"I think it highly probable that they are. Now there are two or three things that must be done this morning. First, those advertisements for the missing man must be written out and distributed all over the country. Secondly, a messenger must be dispatched to Philadelphia to question the people at the Blank House as to whether any of them entered my room and saw me sleeping there during the hours of eleven a. m. and one p. m., on the fifteenth of September of last year, when I was said to have married that woman. And also to search the registers of that date of all the hotels in the city for the name of Craven Kyte."

"To get up evidence for the defense?"

"Certainly; to get up evidence for the defense."

"Have you thought of employing counsel?"

"Certainly. Berners and Denham are as good men as any I can find. I have sent a note to ask Berners to come here to see me to-day. While waiting for him you and I can write out those advertisements," said Alden Lytton.

These plans were all promptly carried out.

That same day an experienced detective was found and dispatched to Philadelphia to hunt up evidence for the defense.

And that evening advertisements were sent by mail, to be scattered all over the country.

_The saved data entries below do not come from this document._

(* Let $S\subset\mathbb{R}^d$ be a nonempty compact convex set with diameter $D:=\sup_{x,y\in S}\|x-y\|$, and let $f$ be differentiable on $S$ with $L$-Lipschitz gradient on $S$ (not necessarily convex). Let $G:=\sup_{x\in S}\|\nabla f(x)\|<\infty$, fix $C\ge\max\{LD^2,\,GD\}$ with $C>0$, and let $f^*:=\inf_{x\in S}f(x)$. Let $\delta\ge0$ and suppose that for every $x\in S$ a vector $g_\delta(x)\in\mathbb{R}^d$ is available with \[ \big|\langle \nabla f(x)-g_\delta(x),\,s-x\rangle\big|\le\delta\,\|\nabla f(x)\|\quad\text{for all } s\in S. \] Let $\mathcal G(x):=\max_{s\in S}\langle\nabla f(x),\,x-s\rangle$ (the Frank–Wolfe gap) and $\tilde{\mathcal G}(x):=\max_{s\in S}\langle g_\delta(x),\,x-s\rangle$. Given $x^0\in S$, define iterates for $k=0,1,2,\dots$ by choosing $s^k\in\arg\min_{s\in S}\langle g_\delta(x^k),\,s-x^k\rangle$, setting \[ \overline\alpha_k:=\frac{\big(\tilde{\mathcal G}(x^k)-\delta\|\nabla f(x^k)\|\big)_+}{C},\qquad x^{k+1}:=x^k+\overline\alpha_k(s^k-x^k), \] where $(u)_+:=\max\{u,0\}$. Then for every $K\ge0$, \[ \min_{0\le k\le K}\big(\mathcal G(x^k)-2\delta\|\nabla f(x^k)\|\big)_+\le\sqrt{\frac{2C\,(f(x^0)-f^* )}{K+1}}. \]
   Context: $\|\cdot\|$ is the Euclidean norm and $\langle\cdot,\cdot\rangle$ the Euclidean inner product. *)

theory Defs
  imports "HOL-Analysis.Analysis"
begin

definition fw_gap :: "'a::euclidean_space set \<Rightarrow> 'a \<Rightarrow> 'a \<Rightarrow> real" where
  "fw_gap S v x = (SUP s\<in>S. v \<bullet> (x - s))"

definition pos_part :: "real \<Rightarrow> real" where
  "pos_part u = max u 0"

end

theory Submission
  imports Defs
begin

text \<open>By the descent lemma, a step of length \<open>\<alpha>\<close> from \<open>x\<close> towards the vertex \<open>s\<close> chosen with
the inexact gradient decreases \<open>f\<close> by at least \<open>\<alpha> u - \<alpha>\<^sup>2 C / 2\<close>, where \<open>u\<close> is the inexact
gap minus \<open>\<delta> \<parallel>\<nabla>f(x)\<parallel>\<close>. The step \<open>\<alpha> = u\<^sub>+ / C\<close> lies in \<open>[0, 1]\<close> because \<open>C \<ge> G D\<close>,
and gains \<open>u\<^sub>+\<^sup>2 / (2 C)\<close>. The gradient error moves every gap by at most \<open>\<delta> \<parallel>\<nabla>f(x)\<parallel>\<close>,
so the true gap minus \<open>2 \<delta> \<parallel>\<nabla>f(x)\<parallel>\<close> is at most \<open>u\<close>. Telescoping over \<open>K + 1\<close> steps
bounds the sum of the squared gaps by \<open>2 C (f(x\<^sup>0) - f\<^sup>*)\<close>, hence their minimum.\<close>

lemma lipschitz_gradient_upper_bound:
  fixes S :: "'a::real_inner set" and f :: "'a \<Rightarrow> real" and f' :: "'a \<Rightarrow> 'a"
  assumes "convex S" "x \<in> S" "y \<in> S"
    and deriv: "\<And>y. y \<in> S \<Longrightarrow> (f has_derivative (\<lambda>h. f' y \<bullet> h)) (at y within S)"
    and lip: "\<And>y z. y \<in> S \<Longrightarrow> z \<in> S \<Longrightarrow> norm (f' y - f' z) \<le> L * norm (y - z)"
  shows "f y \<le> f x + f' x \<bullet> (y - x) + L / 2 * (norm (y - x))^2"
proof -
  define d where "d = y - x"
  define p where "p t = x + t *\<^sub>R d" for t :: real
  have pS: "p ` {0..1} \<subseteq> S"
  proof
    fix z assume "z \<in> p ` {0..1}"
    then obtain t where "t \<in> {0..1}" "z = (1 - t) *\<^sub>R x + t *\<^sub>R y"
      by (auto simp: p_def d_def algebra_simps)
    then show "z \<in> S" using assms(1-3) by (auto simp: convex_alt)
  qed
  \<comment> \<open>mean value theorem for \<open>f \<circ> p\<close> minus the quadratic model of the claim\<close>
  define h where "h t = f (p t) - t * (f' x \<bullet> d) - L / 2 * t^2 * (norm d)^2" for t
  define h' where "h' t r = r * (f' (p t) \<bullet> d) - r * (f' x \<bullet> d) - L * t * r * (norm d)^2" for t r
  have "(h has_derivative h' t) (at t within {0..1})" if "t \<in> {0..1}" for t
  proof -
    have "((\<lambda>t. f (p t)) has_derivative (\<lambda>r. f' (p t) \<bullet> (r *\<^sub>R d))) (at t within {0..1})"
      by (rule has_derivative_in_compose2[OF deriv pS that])
        (auto simp: p_def[abs_def] intro!: derivative_eq_intros)
    then show ?thesis
      unfolding h_def h'_def by (auto intro!: derivative_eq_intros simp: fun_eq_iff)
  qed
  then obtain t where t: "t \<in> {0..1}" and mvt: "h 1 - h 0 = h' t 1"
    using mvt_very_simple[of 0 1 h h'] by auto
  have "(f' (p t) - f' x) \<bullet> d \<le> norm (f' (p t) - f' x) * norm d"
    by (rule norm_cauchy_schwarz)
  also have "\<dots> \<le> L * norm (p t - x) * norm d"
    using lip[of "p t" x] pS t assms(2) by (intro mult_right_mono) (auto simp: image_subset_iff)
  also have "\<dots> = L * t * (norm d)^2"
    using t by (simp add: p_def power2_eq_square)
  finally have "h' t 1 \<le> 0"
    by (simp add: h'_def inner_diff_left)
  then show ?thesis
    using mvt by (simp add: h_def p_def d_def)
qed

lemma descent_along_direction:
  fixes S :: "'a::real_inner set" and f :: "'a \<Rightarrow> real" and f' :: "'a \<Rightarrow> 'a"
  assumes "convex S" "x \<in> S" "x + a *\<^sub>R d \<in> S"
    and "\<And>y. y \<in> S \<Longrightarrow> (f has_derivative (\<lambda>h. f' y \<bullet> h)) (at y within S)"
    and "\<And>y z. y \<in> S \<Longrightarrow> z \<in> S \<Longrightarrow> norm (f' y - f' z) \<le> L * norm (y - z)"
    and "a \<ge> 0" "f' x \<bullet> d \<le> - u" "L * (norm d)^2 \<le> C"
  shows "f (x + a *\<^sub>R d) \<le> f x - a * u + a^2 * C / 2"
proof -
  have "f (x + a *\<^sub>R d) \<le> f x + a * (f' x \<bullet> d) + a^2 * (L * (norm d)^2) / 2"
    using lipschitz_gradient_upper_bound[OF assms(1-5)]
    by (simp add: power_mult_distrib mult_ac)
  also have "\<dots> \<le> f x - a * u + a^2 * C / 2"
    using assms(6-8) mult_left_mono[of "f' x \<bullet> d" "- u" a]
      mult_left_mono[of "L * (norm d)^2" C "a^2"] by simp
  finally show ?thesis .
qed

lemma pos_part_step_gain:
  assumes "C > 0"
  shows "pos_part u / C * u - (pos_part u / C)^2 * C / 2 = (pos_part u)^2 / (2 * C)"
  using assms by (simp add: pos_part_def max_def power2_eq_square field_simps)

lemma fw_gap_eq_minimizer:
  assumes "s \<in> S" "\<And>t. t \<in> S \<Longrightarrow> v \<bullet> (s - x) \<le> v \<bullet> (t - x)"
  shows "fw_gap S v x = v \<bullet> (x - s)"
  unfolding fw_gap_def
proof (rule cSup_eq_maximum)
  show "v \<bullet> (x - s) \<in> (\<lambda>t. v \<bullet> (x - t)) ` S"
    using assms(1) by blast
  show "y \<le> v \<bullet> (x - s)" if "y \<in> (\<lambda>t. v \<bullet> (x - t)) ` S" for y
    using that assms(2) by (auto simp: inner_diff_right)
qed

lemma fw_gap_le_perturbed:
  assumes "s \<in> S" "\<And>t. t \<in> S \<Longrightarrow> w \<bullet> (s - x) \<le> w \<bullet> (t - x)"
    and "\<And>t. t \<in> S \<Longrightarrow> \<bar>(v - w) \<bullet> (t - x)\<bar> \<le> e"
  shows "fw_gap S v x \<le> fw_gap S w x + e"
proof -
  have "fw_gap S v x \<le> w \<bullet> (x - s) + e"
    unfolding fw_gap_def
  proof (rule cSUP_least)
    show "S \<noteq> {}" using assms(1) by blast
    fix t assume t: "t \<in> S"
    have "v \<bullet> (x - t) = w \<bullet> (x - t) - (v - w) \<bullet> (t - x)"
      by (simp add: algebra_simps)
    also have "\<dots> \<le> w \<bullet> (x - s) + e"
      using assms(2)[OF t] assms(3)[OF t] by (simp add: inner_diff_right)
    finally show "v \<bullet> (x - t) \<le> w \<bullet> (x - s) + e" .
  qed
  then show ?thesis
    using fw_gap_eq_minimizer[OF assms(1,2)] by simp
qed

lemma inexact_vertex_direction:
  assumes "s \<in> S" "\<And>t. t \<in> S \<Longrightarrow> w \<bullet> (s - x) \<le> w \<bullet> (t - x)"
    and "\<bar>(v - w) \<bullet> (s - x)\<bar> \<le> e"
  shows "v \<bullet> (s - x) \<le> - (fw_gap S w x - e)"
    and "fw_gap S w x - e \<le> norm v * norm (s - x)"
proof -
  have gap: "fw_gap S w x = w \<bullet> (x - s)"
    by (rule fw_gap_eq_minimizer[OF assms(1,2)])
  have split: "v \<bullet> (s - x) = - (w \<bullet> (x - s)) + (v - w) \<bullet> (s - x)"
    by (simp add: algebra_simps)
  then show "v \<bullet> (s - x) \<le> - (fw_gap S w x - e)"
    using assms(3) by (simp add: gap)
  show "fw_gap S w x - e \<le> norm v * norm (s - x)"
    using split assms(3) norm_cauchy_schwarz[of "- v" "s - x"] by (simp add: gap)
qed

lemma inexact_fw_step:
  fixes S :: "'a::euclidean_space set" and f :: "'a \<Rightarrow> real" and f' :: "'a \<Rightarrow> 'a"
  assumes S: "bounded S" "convex S"
    and deriv: "\<And>y. y \<in> S \<Longrightarrow> (f has_derivative (\<lambda>h. f' y \<bullet> h)) (at y within S)"
    and lip: "\<And>y z. y \<in> S \<Longrightarrow> z \<in> S \<Longrightarrow> norm (f' y - f' z) \<le> L * norm (y - z)"
    and x: "x \<in> S" and s: "s \<in> S" "\<And>t. t \<in> S \<Longrightarrow> w \<bullet> (s - x) \<le> w \<bullet> (t - x)"
    and approx: "\<And>t. t \<in> S \<Longrightarrow> \<bar>(f' x - w) \<bullet> (t - x)\<bar> \<le> \<delta> * norm (f' x)"
    and C: "L * (diameter S)^2 \<le> C" "norm (f' x) * diameter S \<le> C" "C > 0"
  defines "a \<equiv> pos_part (fw_gap S w x - \<delta> * norm (f' x)) / C"
  shows "x + a *\<^sub>R (s - x) \<in> S"
    and "f (x + a *\<^sub>R (s - x))
           \<le> f x - (pos_part (fw_gap S (f' x) x - 2 * \<delta> * norm (f' x)))^2 / (2 * C)"
proof -
  define u where "u = fw_gap S w x - \<delta> * norm (f' x)"
  note direction = inexact_vertex_direction[OF s approx[OF s(1)], folded u_def]
  have dist_sx: "norm (s - x) \<le> diameter S"
    using diameter_bounded_bound[OF S(1) s(1) x] by (simp add: dist_norm)
  have "u \<le> C"
    using direction(2) mult_left_mono[OF dist_sx norm_ge_zero[of "f' x"]] C(2) by linarith
  then have a01: "0 \<le> a" "a \<le> 1"
    using C(3) by (auto simp: a_def u_def[symmetric] pos_part_def)
  have "x + a *\<^sub>R (s - x) = (1 - a) *\<^sub>R x + a *\<^sub>R s"
    by (simp add: algebra_simps)
  then show new: "x + a *\<^sub>R (s - x) \<in> S"
    using a01 S(2) x s(1) by (auto simp: convex_alt)
  have curv: "L * (norm (s - x))^2 \<le> C"
  proof (cases "L \<ge> 0")
    case True
    then have "L * (norm (s - x))^2 \<le> L * (diameter S)^2"
      using dist_sx by (intro mult_left_mono power_mono) auto
    then show ?thesis using C(1) by linarith
  next
    case False
    then have "L * (norm (s - x))^2 \<le> 0"
      by (simp add: mult_nonpos_nonneg)
    then show ?thesis using C(3) by linarith
  qed
  have "f (x + a *\<^sub>R (s - x)) \<le> f x - (a * u - a^2 * C / 2)"
    using descent_along_direction[OF S(2) x new deriv lip a01(1) direction(1) curv] by simp
  also have "\<dots> = f x - (pos_part u)^2 / (2 * C)"
    using pos_part_step_gain[OF C(3), of u] by (simp add: a_def u_def)
  also have "\<dots> \<le> f x - (pos_part (fw_gap S (f' x) x - 2 * \<delta> * norm (f' x)))^2 / (2 * C)"
  proof -
    have "fw_gap S (f' x) x \<le> fw_gap S w x + \<delta> * norm (f' x)"
      by (rule fw_gap_le_perturbed[OF s approx])
    then have "pos_part (fw_gap S (f' x) x - 2 * \<delta> * norm (f' x)) \<le> pos_part u"
      by (simp add: u_def pos_part_def)
    then show ?thesis
      using C(3) by (simp add: divide_right_mono power_mono pos_part_def)
  qed
  finally show "f (x + a *\<^sub>R (s - x))
      \<le> f x - (pos_part (fw_gap S (f' x) x - 2 * \<delta> * norm (f' x)))^2 / (2 * C)" .
qed

lemma min_le_sqrt_of_sufficient_decrease:
  fixes F r :: "nat \<Rightarrow> real"
  assumes "C > 0" "\<And>k. 0 \<le> r k" "\<And>k. F (Suc k) \<le> F k - (r k)^2 / (2 * C)" "\<And>k. m \<le> F k"
  shows "(MIN k\<in>{0..K}. r k) \<le> sqrt (2 * C * (F 0 - m) / (real K + 1))"
proof -
  define \<mu> where "\<mu> = (MIN k\<in>{0..K}. r k)"
  have "\<mu> \<ge> 0" using assms(2) by (simp add: \<mu>_def)
  have "(real K + 1) * \<mu>^2 = (\<Sum>k<Suc K. \<mu>^2)"
    by simp
  also have "\<dots> \<le> (\<Sum>k<Suc K. (r k)^2)"
    using \<open>\<mu> \<ge> 0\<close> by (intro sum_mono power_mono) (auto simp: \<mu>_def)
  also have "\<dots> \<le> (\<Sum>k<Suc K. 2 * C * (F k - F (Suc k)))"
    using assms(1,3) by (intro sum_mono) (simp add: field_simps)
  also have "\<dots> = 2 * C * (F 0 - F (Suc K))"
    by (simp add: sum_distrib_left[symmetric] sum_lessThan_telescope')
  also have "\<dots> \<le> 2 * C * (F 0 - m)"
    using assms(1,4) by simp
  finally have "\<mu>^2 \<le> 2 * C * (F 0 - m) / (real K + 1)"
    by (simp add: field_simps)
  then show ?thesis
    using \<open>\<mu> \<ge> 0\<close> real_sqrt_le_mono by (fastforce simp: \<mu>_def)
qed

lemma bdd_above_norm_lipschitz_image:
  fixes F :: "'a::real_normed_vector \<Rightarrow> 'b::real_normed_vector"
  assumes "compact S" "\<And>y z. y \<in> S \<Longrightarrow> z \<in> S \<Longrightarrow> norm (F y - F z) \<le> L * norm (y - z)"
  shows "bdd_above ((\<lambda>y. norm (F y)) ` S)"
proof -
  have "\<bar>L\<bar>-lipschitz_on S F"
  proof (rule lipschitz_onI)
    fix y z assume "y \<in> S" "z \<in> S"
    then have "norm (F y - F z) \<le> L * norm (y - z)" by (rule assms(2))
    also have "\<dots> \<le> \<bar>L\<bar> * norm (y - z)" by (intro mult_right_mono) auto
    finally show "dist (F y) (F z) \<le> \<bar>L\<bar> * dist y z" by (simp add: dist_norm)
  qed simp
  then have "compact (F ` S)"
    using assms(1) by (intro compact_continuous_image lipschitz_on_continuous_on)
  then show ?thesis
    by (intro bounded_imp_bdd_above) (simp add: bounded_norm_comp compact_imp_bounded)
qed

theorem theorem3:
  fixes S :: "'a::euclidean_space set"
    and f :: "'a \<Rightarrow> real" and f' :: "'a \<Rightarrow> 'a" and g :: "'a \<Rightarrow> 'a"
    and L C \<delta> :: real and x s :: "nat \<Rightarrow> 'a" and K :: nat
  assumes S: "S \<noteq> {}" "compact S" "convex S"
    and deriv: "\<And>y. y \<in> S \<Longrightarrow> (f has_derivative (\<lambda>h. f' y \<bullet> h)) (at y within S)"
    and lip: "\<And>y z. y \<in> S \<Longrightarrow> z \<in> S \<Longrightarrow> norm (f' y - f' z) \<le> L * norm (y - z)"
    and C: "C \<ge> max (L * (diameter S)^2) ((SUP y\<in>S. norm (f' y)) * diameter S)" "C > 0"
    and delta_nonneg: "\<delta> \<ge> 0"
    and approx_grad: "\<And>y t. y \<in> S \<Longrightarrow> t \<in> S \<Longrightarrow>
                   \<bar>(f' y - g y) \<bullet> (t - y)\<bar> \<le> \<delta> * norm (f' y)"
    and x0: "x 0 \<in> S"
    and sk: "\<And>k. s k \<in> S \<and> (\<forall>t\<in>S. g (x k) \<bullet> (s k - x k) \<le> g (x k) \<bullet> (t - x k))"
    and step: "\<And>k. x (Suc k) = x k +
       scaleR (pos_part (fw_gap S (g (x k)) (x k) - \<delta> * norm (f' (x k))) / C) (s k - x k)"
  shows "(MIN k\<in>{0..K}. pos_part (fw_gap S (f' (x k)) (x k) - 2 * \<delta> * norm (f' (x k))))
           \<le> sqrt (2 * C * (f (x 0) - (INF y\<in>S. f y)) / (real K + 1))"
proof -
  have grad_C: "norm (f' y) * diameter S \<le> C" if "y \<in> S" for y
    using mult_right_mono[OF cSUP_upper[OF that bdd_above_norm_lipschitz_image[OF S(2) lip]]
        diameter_ge_0[OF compact_imp_bounded[OF S(2)]]] C(1)
    by simp
  have fw_step: "x (Suc k) \<in> S \<and> f (x (Suc k)) \<le> f (x k)
      - (pos_part (fw_gap S (f' (x k)) (x k) - 2 * \<delta> * norm (f' (x k))))^2 / (2 * C)"
    if "x k \<in> S" for k
    unfolding step
    using inexact_fw_step[OF compact_imp_bounded[OF S(2)] S(3) deriv lip that]
      sk[of k] approx_grad[OF that] grad_C[OF that] C by auto
  have xS: "x k \<in> S" for k
    by (induction k) (use x0 fw_step in auto)
  have "continuous_on S f"
    using deriv by (meson continuous_on_eq_continuous_within has_derivative_continuous)
  then have "bdd_below (f ` S)"
    using S(2) by (simp add: bounded_imp_bdd_below compact_imp_bounded compact_continuous_image)
  then have "(INF y\<in>S. f y) \<le> f (x k)" for k
    using xS by (simp add: cINF_lower)
  then show ?thesis
    using fw_step[OF xS] C by (intro min_le_sqrt_of_sufficient_decrease) (auto simp: pos_part_def)
qed

end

But some days after this, Mary Grey, who was stopping at the Reindeer, saw one of these advertisements in a Richmond paper and smiled in triumph.

"They have scented out a part of the truth," she said. "They have more sharpness than I gave them credit for possessing. They have scented out a part of the truth, but they can not follow the scent. Ha, ha, ha! They may advertise from now till doomsday, but they will never get a response from him! Let them rake the Susquehanna if they can! Perhaps, deep in its mud, they may find what the fishes have left of him!" she said, with a sneer.